The Calculator That Could
Now for my favorite story: the revenge of the humble calculator. While ChatGPT can write poetry and code, it still sometimes screws up basic multiplication. Ask it to multiply 4,596 by 4,859, and you might get the wrong answer. Your $10 solar-powered Casio? Correct every single time.
This isn't about AI being bad—it's about different tools serving different purposes. AI systems are phenomenal at creative reasoning and complex problem-solving, but they hallucinate. They make confident mistakes. In developing countries without reliable smartphones or internet, that $5 calculator with a 10-year battery life is simply superior for what it does.

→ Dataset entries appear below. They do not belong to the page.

(* Let $r\ge1$ and let $[x,y]_r$ be a nonempty interval in the $r$-Bruhat order on $\mathcal S_\infty$. Let $k$ be such that $x(\alpha)=y(\alpha)=\alpha$ for all $\alpha>k+1$, with $r\le k$. Write $x_j=x(j)$ for $1\le j\le k+1$. Let $\alpha_1<\cdots<\alpha_\ell<r<\beta_1<\cdots<\beta_t<k+1$ be the positions $p\in\{1,\dots,k\}\setminus\{r\}$ with $x_p>x_{p+1}$; set $\alpha_0=0$, $\alpha_{\ell+1}=r$, $\beta_0=r$, $\beta_{t+1}=k+1$, and let $A_i=\{\alpha_{i-1}+1,\dots,\alpha_i\}$ ($1\le i\le \ell+1$), $B_m=\{\beta_{m-1}+1,\dots,\beta_m\}$ ($1\le m\le t+1$). For $j\in B_m$ put $p_j=x_j-(m-1)(k+1)$ and for $j\in A_i$ put $p_j=x_j+(\ell+2-i)(k+1)$. Listing the indices $j$ in the order $B_{t+1},B_t,\dots,B_1,A_{\ell+1},A_\ell,\dots,A_1$, each block in increasing order of $j$, assign the values $1,2,\dots,k+1$ successively, i.e. set $u'(p_j)$ equal to the rank of $j$ in this list; extend to $u':\mathbb Z\to\mathbb Z$ by $u'(p_j+m(k+1))=u'(p_j)+m(k+1)$. Let $s\in\mathbb Z$ be such that $\sum_{i=1}^{k+1}u'(i)=\binom{k+2}{2}-s(k+1)$ and define $u(i)=u'(i+s)$ for all $i\in\mathbb Z$; then $u\in W^0$. Now let $x=x^0\lessdot_r x^1\lessdot_r\cdots\lessdot_r x^n=y$ be any maximal chain in $[x,y]_r$, with $x^i=(a_i,b_i)\,x^{i-1}$ and $a_i<b_i$. Then $u\,\mathbf{t}_{a_1-s,b_1-s}\mathbf{t}_{a_2-s,b_2-s}\cdots\mathbf{t}_{a_n-s,b_n-s}\neq0$, i.e. $\mathbf{t}_{a_1-s,b_1-s}\cdots\mathbf{t}_{a_n-s,b_n-s}$ is a nonzero maximal chain in the affine $0$-Bruhat graph in the interval from $u$ to $u\,\mathbf{t}_{a_1-s,b_1-s}\cdots\mathbf{t}_{a_n-s,b_n-s}$.
   Context: $\mathcal S_\infty$ is the group of permutations of the positive integers fixing all but finitely many; $\ell$ denotes length (number of inversions). For $r\ge1$, the $r$-Bruhat order $\le_r$ on $\mathcal S_\infty$ is the transitive closure of the covers $u\lessdot_r w$, meaning $\ell(w)=\ell(u)+1$ and $u^{-1}w=(i,j)$ is a transposition with $i\le r<j$; for such a cover one writes $wu^{-1}=(a,b)$ with $a<b$, so $w=(a,b)u$. $[x,y]_r$ is the set of elements between $x$ and $y$ in this order. Affine side: $W$ is the group of bijections $u:\mathbb Z\to\mathbb Z$ with $u(i+k+1)=u(i)+k+1$ and $u(1)+\cdots+u(k+1)=\binom{k+2}2$, with product $(uw)(i)=u(w(i))$ and Coxeter length $\ell$ with respect to the generators $s_0,\dots,s_k$ ($s_i$ swaps $i+m(k+1)$ and $i+1+m(k+1)$ for all $m$). $W^0$ is the set of $u\in W$ with $u^{-1}(1)<\cdots<u^{-1}(k+1)$. For $a<b$ with $b-a\le k$, $t_{a,b}\in W$ swaps $a+m(k+1)$ and $b+m(k+1)$ for all $m$. The operator $\mathbf{t}_{ab}$ acts on the right on $\mathbb ZW$ by $u\,\mathbf{t}_{ab}=ut_{a,b}$ if $\ell(ut_{a,b})=\ell(u)+1$ and $u(a)\le0<u(b)$, and $0$ otherwise (with $0\,\mathbf{t}_{cd}=0$). The affine $0$-Bruhat graph is the directed multigraph on $W$ with an edge $u\to u\,\mathbf{t}_{ab}$ (labelled $b$) for each nonzero $u\,\mathbf{t}_{ab}$. *)

theory Defs
  imports Main
begin
(* Let $\alpha_1,\dots,\alpha_n$ be non-overlapping sequences of patterns, all of the same length $m$. Then there are a $\lambda$-term $P$ and an integer $l$ such that: (i) for every sequence of values $V_1,\dots,V_n$, every $i$, if $\alpha_i=p_1,\dots,p_m$ then $$P\,\lceil p_1(t_1^1,\dots,t_1^{k_1})\rceil\cdots\lceil p_m(t_m^1,\dots,t_m^{k_m})\rceil\,V_1\cdots V_n\rightarrow_v^k V_i\lceil t_1^1\rceil\cdots\lceil t_1^{k_1}\rceil\cdots\lceil t_m^1\rceil\cdots\lceil t_m^{k_m}\rceil$$ for some $k\le l$, whenever the $t_j^q$ are constructor terms; (ii) $P X_1\cdots X_m V_1\cdots V_n\rightarrow_v^k\bot$ for some $k\le l$, whenever each $X_j$ is either $\bot$ or of the form $\lceil t\rceil$ for a constructor term $t$, and either $X_1,\dots,X_m$ do not unify with any of the sequences $\alpha_1,\dots,\alpha_n$, or some $X_j$ is $\bot$.
   Context: Fix finitely many constructor symbols $\mathbf{c}_1,\dots,\mathbf{c}_g$, each with an arity. Constructor terms are closed terms built from them; patterns are terms built from constructors and variables. For a pattern $p$ with $k$ variable occurrences, $p(t^1,\dots,t^k)$ denotes the constructor term obtained by replacing these occurrences, from left to right, by constructor terms $t^1,\dots,t^k$. Sequences of patterns are non-overlapping if no sequence of constructor terms is an instance of two distinct ones among them. A sequence $X_1,\dots,X_m$ of Scott encodings unifies with $\alpha_i=p_1,\dots,p_m$ if $X_j=\lceil p_j(t_j^1,\dots,t_j^{k_j})\rceil$ for all $j$, for some constructor terms $t_j^q$. $\lambda$-terms: $M::=x\mid\lambda x.M\mid MN$; values $V::=x\mid\lambda x.M$; weak call-by-value reduction $\rightarrow_v$: $(\lambda x.M)V\rightarrow_v M\{V/x\}$ for values $V$, closed under $ML$ and $LM$ contexts (no reduction under $\lambda$). Scott encoding: $\lceil \mathbf{c}_i(t_1,\dots,t_n)\rceil=\lambda x_1.\cdots\lambda x_g.\lambda y.\,x_i\lceil t_1\rceil\cdots\lceil t_n\rceil$. Error term: $\bot=\lambda x_1.\cdots\lambda x_g.\lambda y.\,y$. *)

theory Defs
  imports Main
begin

datatype dB = Var nat | Lam dB | App dB dB

fun lift :: "dB \<Rightarrow> nat \<Rightarrow> dB" where
  "lift (Var i) k = (if i < k then Var i else Var (Suc i))"
| "lift (Lam t) k = Lam (lift t (Suc k))"
| "lift (App s t) k = App (lift s k) (lift t k)"

fun subst :: "dB \<Rightarrow> dB \<Rightarrow> nat \<Rightarrow> dB" where
  "subst (Var i) s k = (if k < i then Var (i - 1) else if i = k then s else Var i)"
| "subst (Lam t) s k = Lam (subst t (lift s 0) (Suc k))"
| "subst (App t u) s k = App (subst t s k) (subst u s k)"

fun is_val :: "dB \<Rightarrow> bool" where
  "is_val (Var _) = True"
| "is_val (Lam _) = True"
| "is_val (App _ _) = False"

inductive beta_v :: "dB \<Rightarrow> dB \<Rightarrow> bool" where
  beta: "is_val V \<Longrightarrow> beta_v (App (Lam M) V) (subst M V 0)"
| appL: "beta_v M M' \<Longrightarrow> beta_v (App M L) (App M' L)"
| appR: "beta_v M M' \<Longrightarrow> beta_v (App L M) (App L M')"

definition apps :: "dB \<Rightarrow> dB list \<Rightarrow> dB" where
  "apps M Ns = foldl App M Ns"

definition lams :: "nat \<Rightarrow> dB \<Rightarrow> dB" where
  "lams n M = (Lam ^^ n) M"

text \<open>Constructors are indexed 0..g-1 (c_{i+1} is index i); ar gives arities.\<close>

datatype cterm = C nat "cterm list"

datatype pat = PVar | PC nat "pat list"

fun wf_ct :: "nat \<Rightarrow> (nat \<Rightarrow> nat) \<Rightarrow> cterm \<Rightarrow> bool" where
  "wf_ct g ar (C c ts) = (c < g \<and> length ts = ar c \<and> (\<forall>t\<in>set ts. wf_ct g ar t))"

fun wf_pat :: "nat \<Rightarrow> (nat \<Rightarrow> nat) \<Rightarrow> pat \<Rightarrow> bool" where
  "wf_pat g ar PVar = True"
| "wf_pat g ar (PC c ps) = (c < g \<and> length ps = ar c \<and> (\<forall>p\<in>set ps. wf_pat g ar p))"

fun nvars :: "pat \<Rightarrow> nat" where
  "nvars PVar = 1"
| "nvars (PC c ps) = sum_list (map nvars ps)"

text \<open>Instantiation p(t^1,...,t^k): variable occurrences replaced left to right.\<close>
fun inst :: "pat \<Rightarrow> cterm list \<Rightarrow> cterm"
and insts :: "pat list \<Rightarrow> cterm list \<Rightarrow> cterm list" where
  "inst PVar ts = hd ts"
| "inst (PC c ps) ts = C c (insts ps ts)"
| "insts [] ts = []"
| "insts (p # ps) ts = inst p (take (nvars p) ts) # insts ps (drop (nvars p) ts)"

definition is_instance :: "nat \<Rightarrow> (nat \<Rightarrow> nat) \<Rightarrow> cterm list \<Rightarrow> pat list \<Rightarrow> bool" where
  "is_instance g ar ts ps \<longleftrightarrow> length ts = length ps \<and>
     (\<forall>j<length ps. \<exists>us. length us = nvars (ps ! j) \<and> (\<forall>u\<in>set us. wf_ct g ar u)
                          \<and> ts ! j = inst (ps ! j) us)"

definition non_overlapping :: "nat \<Rightarrow> (nat \<Rightarrow> nat) \<Rightarrow> pat list list \<Rightarrow> bool" where
  "non_overlapping g ar alphas \<longleftrightarrow>
     (\<forall>i<length alphas. \<forall>j<length alphas. i \<noteq> j \<longrightarrow>
        \<not> (\<exists>ts. (\<forall>t\<in>set ts. wf_ct g ar t) \<and> is_instance g ar ts (alphas ! i)
                 \<and> is_instance g ar ts (alphas ! j)))"

text \<open>enc (c_{i+1}(t_1..t_n)) = \<lambda>x_1..x_g y. x_{i+1} enc t_1 .. enc t_n; x_{i+1} is Var (g - i).\<close>
fun enc :: "nat \<Rightarrow> cterm \<Rightarrow> dB" where
  "enc g (C c ts) = lams (Suc g) (apps (Var (g - c)) (map (enc g) ts))"

definition err :: "nat \<Rightarrow> dB" where
  "err g = lams (Suc g) (Var 0)"

definition unifies :: "nat \<Rightarrow> (nat \<Rightarrow> nat) \<Rightarrow> dB list \<Rightarrow> pat list \<Rightarrow> bool" where
  "unifies g ar Xs alpha \<longleftrightarrow> length Xs = length alpha \<and>
     (\<forall>j<length alpha. \<exists>us. length us = nvars (alpha ! j) \<and> (\<forall>u\<in>set us. wf_ct g ar u)
                          \<and> Xs ! j = enc g (inst (alpha ! j) us))"
lemma is_inv_mvec_cancel:
  assumes "is_inv d A B" and "k < d"
  shows "mvec d A (mvec d B x) k = x k" and "mvec d B (mvec d A x) k = x k"
proof -
  have "\<forall>k<d. \<forall>r<d. (\<Sum>l<d. A k l * B l r) = (if k = r then 1 else 0)"
       "\<forall>k<d. \<forall>r<d. (\<Sum>l<d. B k l * A l r) = (if k = r then 1 else 0)"
    using assms(1) unfolding is_inv_def by blast+
  thus "mvec d A (mvec d B x) k = x k" "mvec d B (mvec d A x) k = x k"
    using mvec_mvec_right_inverse assms(2) by blast+
qed

lemma is_inv_mvec_nonzero:
  assumes "is_inv d A B" and "\<exists>k<d. x k \<noteq> 0"
  shows "\<exists>k<d. mvec d B x k \<noteq> 0"
proof (rule ccontr)
  assume "\<not> ?thesis"
  hence "mvec d A (mvec d B x) k = 0" for k by (simp add: mvec_def)
  thus False using assms is_inv_mvec_cancel(1) by metis
qed
lemma quad_form_nonneg_if_bounded_below:
  fixes A :: "real^'n^'n"
  assumes "0 < c" "c * (x \<bullet> x) \<le> x \<bullet> (A *v x)"
  shows "0 \<le> x \<bullet> (A *v x)"
  using assms by (smt (verit) inner_ge_zero mult_nonneg_nonneg)

lemma quad_form_op_norm:
  fixes E :: "real^'n^'n"
  shows "\<bar>x \<bullet> (E *v x)\<bar> \<le> op_norm E * (x \<bullet> x)"
proof -
  have "\<bar>x \<bullet> (E *v x)\<bar> \<le> norm x * norm (E *v x)" by (rule Cauchy_Schwarz_ineq2)
  also have "\<dots> \<le> norm x * (op_norm E * norm x)"
    unfolding op_norm_def by (intro mult_left_mono onorm) simp_all
  also have "\<dots> = op_norm E * (x \<bullet> x)"
    by (simp add: power2_norm_eq_inner[symmetric] power2_eq_square)
  finally show ?thesis .
qed

lemma linear_le_quadratic_imp_zero:
  fixes a K :: real
  assumes "\<And>t. 2 * t * a \<le> t\<^sup>2 * K"
  shows "a = 0"
proof (rule ccontr)
  assume "a \<noteq> 0"
  define s where "s = 1 / (\<bar>K\<bar> + 1)"
  have s: "s > 0" "s * K < 1"
    using abs_ge_self[of K] by (auto simp: s_def field_simps)
  have "(s * a\<^sup>2) * 2 \<le> (s * a\<^sup>2) * (s * K)"
    using assms[of "s * a"] by (simp add: power2_eq_square mult_ac)
  moreover have "s * a\<^sup>2 > 0" using s \<open>a \<noteq> 0\<close> by simp
  ultimately have "2 \<le> s * K" by (metis mult_le_cancel_left_pos)
  with s show False by simp
qed

section \<open>Matrix inverses\<close>

lemma matrix_inv_cancel:
  fixes A :: "real^'n^'n"
  assumes "invertible A"
  shows "A ** matrix_inv A = mat 1" "matrix_inv A ** A = mat 1"
proof -
  have "\<exists>A'. A ** A' = mat 1 \<and> A' ** A = mat 1" using assms unfolding invertible_def .
  hence "A ** matrix_inv A = mat 1 \<and> matrix_inv A ** A = mat 1"
    unfolding matrix_inv_def by (rule someI_ex)
  thus "A ** matrix_inv A = mat 1" "matrix_inv A ** A = mat 1" by auto
qed

lemma left_inverse_is_matrix_inv:
  fixes A B :: "real^'n^'n"
  assumes "B ** A = mat 1"
  shows "invertible A" "matrix_inv A = B"
proof -
  have AB: "A ** B = mat 1" using matrix_left_right_inverse assms by metis
  show inv: "invertible A" unfolding invertible_def using AB assms by blast
  have "matrix_inv A = matrix_inv A ** (A ** B)" by (simp add: AB)
  also have "\<dots> = B" using matrix_inv_cancel(2)[OF inv] by (simp add: matrix_mul_assoc)
  finally show "matrix_inv A = B" .
qed

lemma matrix_inv_mat_1: "matrix_inv (mat 1 :: real^'n^'n) = mat 1"
  using left_inverse_is_matrix_inv[of "mat 1" "mat 1"] by simp

lemma matrix_inv_scaleR:
  fixes A :: "real^'n^'n"
  assumes "invertible A" "k \<noteq> 0"
  shows "invertible (k *\<^sub>R A)" "matrix_inv (k *\<^sub>R A) = (1/k) *\<^sub>R matrix_inv A"
proof -
  have "((1/k) *\<^sub>R matrix_inv A) ** (k *\<^sub>R A) = mat 1"
    using matrix_inv_cancel(2)[OF assms(1)] assms(2)
    by (simp add: matrix_scalar_ac scalar_matrix_assoc[symmetric])
  thus "invertible (k *\<^sub>R A)" "matrix_inv (k *\<^sub>R A) = (1/k) *\<^sub>R matrix_inv A"
    by (rule left_inverse_is_matrix_inv)+
qed

lemma matrix_inv_scaled_id:
  assumes "k \<noteq> 0"
  shows "invertible (k *\<^sub>R mat 1 :: real^'n^'n)"
    "matrix_inv (k *\<^sub>R mat 1 :: real^'n^'n) = (1/k) *\<^sub>R mat 1"
  using matrix_inv_scaleR[of "mat 1", OF _ assms] left_inverse_is_matrix_inv(1)[of "mat 1" "mat 1"]
  by (simp_all add: matrix_inv_mat_1)

lemma transpose_matrix_inv:
  fixes A :: "real^'n^'n"
  assumes "transpose A = A" "invertible A"
  shows "transpose (matrix_inv A) = matrix_inv A"
proof -
  have "transpose (matrix_inv A) ** A = mat 1"
    using matrix_inv_cancel(1)[OF assms(2)] matrix_transpose_mul[of A "matrix_inv A"] assms(1) by simp
  thus ?thesis using left_inverse_is_matrix_inv(2) by metis
qed
lemma linear_coefficient_pairing:
  "Vector_Spaces.linear fscale (*) (\<lambda>v. \<Sum>a\<in>E. c a * v a)"
  unfolding Vector_Spaces.linear_iff
proof (intro conjI allI vector_space_mult fscale.vector_space_axioms)
  show "(\<Sum>a\<in>E. c a * (v + w) a) = (\<Sum>a\<in>E. c a * v a) + (\<Sum>a\<in>E. c a * w a)" for v w
    by (simp add: plus_fun_def sum.distrib distrib_left)
  show "(\<Sum>a\<in>E. c a * fscale r v a) = r * (\<Sum>a\<in>E. c a * v a)" for r v
    unfolding fscale_def sum_distrib_left by (simp add: mult.left_commute)
qed

section \<open>Monomials and tangent vectors of the Segre--Veronese variety\<close>

definition sv_monom :: "nat list \<Rightarrow> (nat \<Rightarrow> nat \<Rightarrow> complex) \<Rightarrow> (nat \<Rightarrow> nat \<Rightarrow> nat) \<Rightarrow> complex" where
  "sv_monom ns x a = (\<Prod>i<length ns. \<Prod>j\<le>ns ! i. x i j ^ a i j)"

lemma sv_coord_eq_monom: "a \<in> sv_exps ns ds \<Longrightarrow> sv_coord ns ds x a = sv_monom ns x a"
  by (simp add: sv_coord_def sv_monom_def)

lemma sv_exps_le:
  assumes "a \<in> sv_exps ns ds" "i < length ns"
  shows "a i j \<le> ds ! i"
proof (cases "j \<le> ns ! i")
  case True
  then have "a i j \<le> (\<Sum>j\<le>ns ! i. a i j)" by (intro member_le_sum) auto
  then show ?thesis using assms unfolding sv_exps_def by auto
next
  case False
  then show ?thesis using assms unfolding sv_exps_def by auto
qed

lemma finite_sv_exps: "finite (sv_exps ns ds)"
proof -
  define K where "K = (\<Sum>i<length ns. ns ! i)"
  define M where "M = (\<Sum>i<length ns. ds ! i)"
  define F where "F = {g :: nat \<Rightarrow> nat. \<forall>j. (j \<in> {..K} \<longrightarrow> g j \<in> {..M}) \<and> (j \<notin> {..K} \<longrightarrow> g j = 0)}"
  define G where "G = {a :: nat \<Rightarrow> nat \<Rightarrow> nat. \<forall>i. (i \<in> {..<length ns} \<longrightarrow> a i \<in> F) \<and> (i \<notin> {..<length ns} \<longrightarrow> a i = (\<lambda>_. 0))}"
  have "finite F" unfolding F_def by (rule finite_set_of_finite_funs) auto
  then have "finite G" unfolding G_def by (rule finite_set_of_finite_funs[rotated]) auto
  moreover have "sv_exps ns ds \<subseteq> G"
  proof
    fix a assume a: "a \<in> sv_exps ns ds"
    have "a i \<in> F" if i: "i < length ns" for i
    proof -
      have "ns ! i \<le> K" "ds ! i \<le> M"
        unfolding K_def M_def using i by (auto intro!: member_le_sum)
      moreover have "a i j \<le> M" for j
        using sv_exps_le[OF a i] \<open>ds ! i \<le> M\<close> order_trans by blast
      ultimately show ?thesis
        using a i unfolding F_def sv_exps_def by (auto simp: not_le)
    qed
    then show "a \<in> G" using a unfolding G_def sv_exps_def by auto
  qed
  ultimately show ?thesis by (rule finite_subset[rotated])
qed

lemma sv_monom_factor:
  assumes "i < length ns" "j \<le> ns ! i"
  shows "sv_monom ns x a = x i j ^ a i j * sv_monom ns x (a(i := (a i)(j := 0)))"
proof -
  define a' where "a' = a(i := (a i)(j := 0))"
  have "x i' j' ^ a i' j' = (if i' = i then if j' = j then x i j ^ a i j else 1 else 1) * x i' j' ^ a' i' j'"
    for i' j' by (simp add: a'_def)
  then have "sv_monom ns x a = (\<Prod>i'<length ns. if i' = i then \<Prod>j'\<le>ns ! i'. if j' = j then x i j ^ a i j else 1 else 1)
      * sv_monom ns x a'"
    unfolding sv_monom_def prod.distrib[symmetric] by (intro prod.cong) (auto simp: prod.distrib)
  also have "\<dots> = x i j ^ a i j * sv_monom ns x a'"
    using assms by simp
  finally show ?thesis unfolding a'_def .
qed

lemma sv_monom_incr:
  assumes "i < length ns" "j \<le> ns ! i"
  shows "sv_monom ns x (a(i := (a i)(j := Suc (a i j)))) = x i j * sv_monom ns x a"
  using sv_monom_factor[OF assms, of x a] sv_monom_factor[OF assms, of x "a(i := (a i)(j := Suc (a i j)))"]
  by simp

definition coord_line :: "(nat \<Rightarrow> nat \<Rightarrow> complex) \<Rightarrow> nat \<Rightarrow> nat \<Rightarrow> complex \<Rightarrow> nat \<Rightarrow> nat \<Rightarrow> complex" where
  "coord_line p i j t = p(i := (p i)(j := t))"

lemma coord_line_self [simp]: "coord_line p i j (p i j) = p"
  by (simp add: coord_line_def)

definition partial_deriv :: "((nat \<Rightarrow> nat \<Rightarrow> complex) \<Rightarrow> complex) \<Rightarrow> (nat \<Rightarrow> nat \<Rightarrow> complex) \<Rightarrow> nat \<Rightarrow> nat \<Rightarrow> complex" where
  "partial_deriv G p i j = deriv (\<lambda>t. G (coord_line p i j t)) (p i j)"

definition sv_tangent :: "nat list \<Rightarrow> nat list \<Rightarrow> (nat \<Rightarrow> nat \<Rightarrow> complex) \<Rightarrow> nat \<Rightarrow> nat \<Rightarrow> (nat \<Rightarrow> nat \<Rightarrow> nat) \<Rightarrow> complex" where
  "sv_tangent ns ds p i j = (\<lambda>a. partial_deriv (\<lambda>y. sv_coord ns ds y a) p i j)"

lemma sv_tangent_gens_eq:
  "sv_tangent_gens ns ds p = {sv_tangent ns ds p i j | i j. i < length ns \<and> j \<le> ns ! i}"
  by (simp add: sv_tangent_gens_def sv_tangent_def partial_deriv_def coord_line_def)

lemma finite_sv_tangent_gens: "finite (sv_tangent_gens ns ds p)"
proof -
  have "sv_tangent_gens ns ds p = (\<lambda>(i, j). sv_tangent ns ds p i j) ` (SIGMA i:{..<length ns}. {..ns ! i})"
    unfolding sv_tangent_gens_eq by auto
  then show ?thesis by simp
qed

lemma sv_monom_coord_line:
  assumes "i < length ns" "j \<le> ns ! i"
  shows "sv_monom ns (coord_line p i j t) a = t ^ a i j * sv_monom ns p (a(i := (a i)(j := 0)))"
proof -
  have "sv_monom ns (coord_line p i j t) (a(i := (a i)(j := 0))) = sv_monom ns p (a(i := (a i)(j := 0)))"
    unfolding sv_monom_def coord_line_def by (intro prod.cong refl) auto
  then show ?thesis
    using sv_monom_factor[OF assms, of "coord_line p i j t" a] by (simp add: coord_line_def)
qed

lemma has_field_derivative_sv_monom_coord_line:
  assumes "i < length ns" "j \<le> ns ! i"
  shows "((\<lambda>t. sv_monom ns (coord_line p i j t) a) has_field_derivative
            of_nat (a i j) * z ^ (a i j - 1) * sv_monom ns p (a(i := (a i)(j := 0)))) (at z)"
  unfolding sv_monom_coord_line[OF assms] by (auto intro!: derivative_eq_intros)

lemma sv_euler:
  assumes "i < length ns"
  shows "(\<Sum>j\<le>ns ! i. fscale (p i j) (sv_tangent ns ds p i j)) = fscale (of_nat (ds ! i)) (sv_coord ns ds p)"
proof
  fix a
  show "(\<Sum>j\<le>ns ! i. fscale (p i j) (sv_tangent ns ds p i j)) a = fscale (of_nat (ds ! i)) (sv_coord ns ds p) a"
  proof (cases "a \<in> sv_exps ns ds")
    case False
    then show ?thesis
      by (simp add: sum_apply fscale_def sv_tangent_def partial_deriv_def sv_coord_def)
  next
    case True
    have "p i j * sv_tangent ns ds p i j a = of_nat (a i j) * sv_monom ns p a" if "j \<le> ns ! i" for j
    proof -
      have "sv_tangent ns ds p i j a
          = of_nat (a i j) * p i j ^ (a i j - 1) * sv_monom ns p (a(i := (a i)(j := 0)))"
        unfolding sv_tangent_def partial_deriv_def sv_coord_eq_monom[OF True]
        by (rule DERIV_imp_deriv[OF has_field_derivative_sv_monom_coord_line[OF assms that]])
      then show ?thesis
        using sv_monom_factor[OF assms that, of p a] by (cases "a i j") (auto simp: algebra_simps)
    qed
    then have "(\<Sum>j\<le>ns ! i. p i j * sv_tangent ns ds p i j a) = of_nat (\<Sum>j\<le>ns ! i. a i j) * sv_monom ns p a"
      by (simp add: sum_distrib_right)
    also have "(\<Sum>j\<le>ns ! i. a i j) = ds ! i"
      using True assms unfolding sv_exps_def by auto
    finally show ?thesis
      using True by (simp add: fscale_def sv_coord_eq_monom sum_apply)
  qed
qed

The parallel to the abacus is striking: it took 10-15 years for calculators to displace it in developed economies after 1957, and it lingered for another generation in Asia. Calculators might follow the same pattern—gradually fading from developed markets while remaining essential elsewhere. Perfect accuracy in a specific domain can outlast sophisticated but fallible generalization.
Big Brother Gets a Body Cam Upgrade
Finally, Edmonton just became the first city globally to deploy facial recognition on police body cameras, and the privacy community is losing its mind—rightfully so.
Here's the tension: In 2019, Axon explicitly refused to add facial recognition because the technology was too biased, particularly against darker-skinned individuals. Six years later, they're testing it anyway, claiming the tech has improved. Except studies still show error rates up to 100 times higher for people of color versus white faces.
Edmonton's police argue they've added "guardrails"—four-meter detection radius, good lighting only, human verification required. Alberta's Privacy Commissioner is essentially saying "that's not how privacy law works," but the pilot is proceeding anyway.
The core question law professor Gideon Christian raised cuts deep: "Body-worn cameras were originally a tool for police transparency and accountability. This tool is basically now being thrown to mass surveillance."
The Path Forward
So where does this leave us? These three stories sketch a future that's less "AI takeover" and more "messy negotiation between capabilities and values."
We're likely heading toward a patchwork regulatory landscape where states like Florida set their own rules, creating compliance headaches for tech companies but also laboratories for what actually works. Perfect-accuracy tools will coexist with sophisticated-but-fallible AI systems, each serving different needs. And surveillance technology will advance faster than privacy protections, forcing uncomfortable democratic debates about where we draw lines.
The optimistic read? We're finally having grown-up conversations about AI governance. The concerns aren't hypothetical anymore—they're about real kids, real privacy violations, and real mathematical errors. That's uncomfortable, but it's also how democratic societies figure things out.
The calculator teaches us something important: just because AI can do something impressive doesn't mean it replaces everything before it. Sometimes reliable beats sophisticated. Sometimes simple wins.
And sometimes, the future looks a lot like 39 million Casio calculators, still giving the right answer.